La cucina dell’ambasciata: gesti lenti, tensione controllata, rispetto assoluto
Oggi Giorgio è lo chef dell’Ambasciatore. Non un ruolo qualunque, ma una posizione che somiglia molto a una regia diplomatica. “Quando si cucinano pranzi per capi di stato, attori famosi, ministri, non puoi sbagliare. Il tempo non perdona. E nemmeno il risotto”, sorride.
Ogni menu è un abito su misura: si studiano gli ospiti, le eventuali intolleranze, la provenienza culturale. Si scelgono i piatti, si abbinano i vini – rigorosamente italiani – e si bilancia tutto con l’occhio attento dell’Ambasciatore. A tavola, il cerimoniale è rigoroso: prima le ospiti donne, poi a scendere, fino a lui. “Anche questo è diplomazia”, dice Giorgio. “Anche questo è racconto.”

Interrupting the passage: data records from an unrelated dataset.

lemma fmap_expansion_triangle_notin_forbidden_region:
  assumes "0 < \<beta>" "k \<in> {0,1,2}" "w \<in> expansion_triangle \<beta>"
  shows "fmap \<beta> k w \<notin> forbidden_region \<beta> k"
proof -
  obtain x y where w: "w = (x, y)" "0 \<le> x" "0 \<le> y" "x + y \<le> 1/(\<beta>-1)"
    using assms(3) by (auto simp: expansion_triangle_def)
  have "(x + y)/\<beta> \<le> 1/(\<beta>*(\<beta>-1))"
    using divide_right_mono[OF w(4), of \<beta>] assms(1) by (simp add: mult.commute)
  moreover have "1/\<beta> \<le> (x + 1)/\<beta>" "1/\<beta> \<le> (y + 1)/\<beta>"
    using w assms(1) by (simp_all add: divide_right_mono)
  ultimately show ?thesis
    using assms(2) w(1) by (auto simp: forbidden_region_def fmap_Pair qv_def add_divide_distrib)
qed

lemma beta_expansion_in_triangle:
  assumes "1 < \<beta>" "beta_expansion \<beta> a z"
  shows "z \<in> expansion_triangle \<beta>"
proof -
  let ?t = "\<lambda>i. (1 / \<beta> ^ Suc i) *\<^sub>R a (Suc i)"
  have digit: "0 \<le> fst (a (Suc i)) \<and> 0 \<le> snd (a (Suc i)) \<and> fst (a (Suc i)) + snd (a (Suc i)) \<le> 1"
    for i
  proof -
    have "a (Suc i) \<in> {qv 0, qv 1, qv 2}"
      using assms(2) by (simp add: beta_expansion_def)
    then show ?thesis by (auto simp: qv_def)
  qed
  have series: "?t sums z"
    using assms(2) unfolding beta_expansion_def by blast
  have fst_sums: "(\<lambda>i. fst (?t i)) sums fst z"
    by (rule bounded_linear.sums[OF bounded_linear_fst series])
  have snd_sums: "(\<lambda>i. snd (?t i)) sums snd z"
    by (rule bounded_linear.sums[OF bounded_linear_snd series])
  have geometric: "(\<lambda>i. (1/\<beta>) * (1/\<beta>) ^ i) sums (1/(\<beta>-1))"
    using sums_mult[OF geometric_sums[of "1/\<beta>"], of "1/\<beta>"] assms(1) by (simp add: field_simps)
  have "0 \<le> fst z" "0 \<le> snd z"
    using sums_le[OF _ sums_zero fst_sums] sums_le[OF _ sums_zero snd_sums] digit assms(1) by auto
  moreover have "fst z + snd z \<le> 1/(\<beta>-1)"
  proof (rule sums_le[OF _ sums_add[OF fst_sums snd_sums] geometric])
    fix i
    have "(1 / \<beta> ^ Suc i) * (fst (a (Suc i)) + snd (a (Suc i))) \<le> 1 / \<beta> ^ Suc i"
      using digit[of i] assms(1) by (intro mult_left_le) auto
    then show "fst (?t i) + snd (?t i) \<le> (1/\<beta>) * (1/\<beta>) ^ i"
      by (simp add: distrib_left power_one_over)
  qed
  ultimately show ?thesis by (cases z) (auto simp: expansion_triangle_def)
qed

Ospiti illustri e il raviolo del San Domenico
Da questa cucina, Giorgio ha servito piatti per il Presidente Mattarella – un light lunch a base di vitello tonnato, sartù di riso e cremoso al limone. Tra gli ospiti per cui ha cucinato, anche Roberto Bolle, Colin Firth e Stanley Tucci. Ma il piatto che tutti ricordano è uno: il raviolo di ricotta, spinaci e tuorlo intero, servito con Grana Padano, burro nocciola e tartufo. “Un omaggio al San Domenico di Imola. Un lascito del mio maestro e amico, Danilo.” È il piatto che più rappresenta il suo stile: raffinato, ma legato alla terra. Pieno. Sincero.
Made in Italy, senza compromessi
Se si dovesse riassumere in una parola la cucina di Giorgio, sarebbe “fedeltà”. Ai prodotti, ai valori, alla cultura. “Non faccio contaminazioni. Cucino italiano, punto.” La scelta delle materie prime è un atto di rispetto: DOP, IGP, stagionalità, collaborazione con consorzi e fornitori fidati. “Anche se sei a Londra, non puoi perdere l’anima. Il piatto parla per te.”